(Saved entries)
(* Let $H$ be a Hermitian operator on a $d$-dimensional Hilbert space with spectral decomposition $H=\sum_{i=1}^M\lambda_i\Pi_i$, where $\lambda_M>\cdots>\lambda_1$ are the distinct eigenvalues and $\Pi_i$ the spectral projections ($\Pi_i\Pi_j=\delta_{ij}\Pi_i$, $\sum_i\Pi_i=I$), and let $\beta\ge 0$. Write $\gamma=\frac{\Pi_1}{\operatorname{Tr}[\Pi_1]}$ and $\tau_\beta=\frac{e^{-\beta H}}{\operatorname{Tr}[e^{-\beta H}]}$. Then $$\frac{1}{2}\|\tau_\beta-\gamma\|_1=1-F(\tau_\beta,\gamma)\qquad\text{and}\qquad D(\gamma\|\tau_\beta)=-\ln F(\tau_\beta,\gamma).$$
   Context: $\|A\|_1=\operatorname{Tr}[\sqrt{A^\dagger A}]$; $F(\rho,\sigma)=\|\sqrt{\rho}\sqrt{\sigma}\|_1^2$ is the fidelity; $D(\rho\|\sigma)=\operatorname{Tr}[\rho(\ln\rho-\ln\sigma)]$ is the quantum relative entropy. *)

theory Defs
  imports "Jordan_Normal_Form.Schur_Decomposition" Complex_Main
begin

definition mtrace :: "complex mat \<Rightarrow> complex" where
  "mtrace A = (\<Sum>i<dim_row A. A $$ (i,i))"

definition hermitian :: "complex mat \<Rightarrow> bool" where
  "hermitian A \<longleftrightarrow> square_mat A \<and> mat_adjoint A = A"

definition unitary :: "nat \<Rightarrow> complex mat \<Rightarrow> bool" where
  "unitary n U \<longleftrightarrow> U \<in> carrier_mat n n \<and> U * mat_adjoint U = 1\<^sub>m n \<and> mat_adjoint U * U = 1\<^sub>m n"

Task details: Go through the records and show every line with the string "mtrace" in it.

Task response:
definition mtrace :: "complex mat \<Rightarrow> complex" where
  "mtrace A = (\<Sum>i<dim_row A. A $$ (i,i))"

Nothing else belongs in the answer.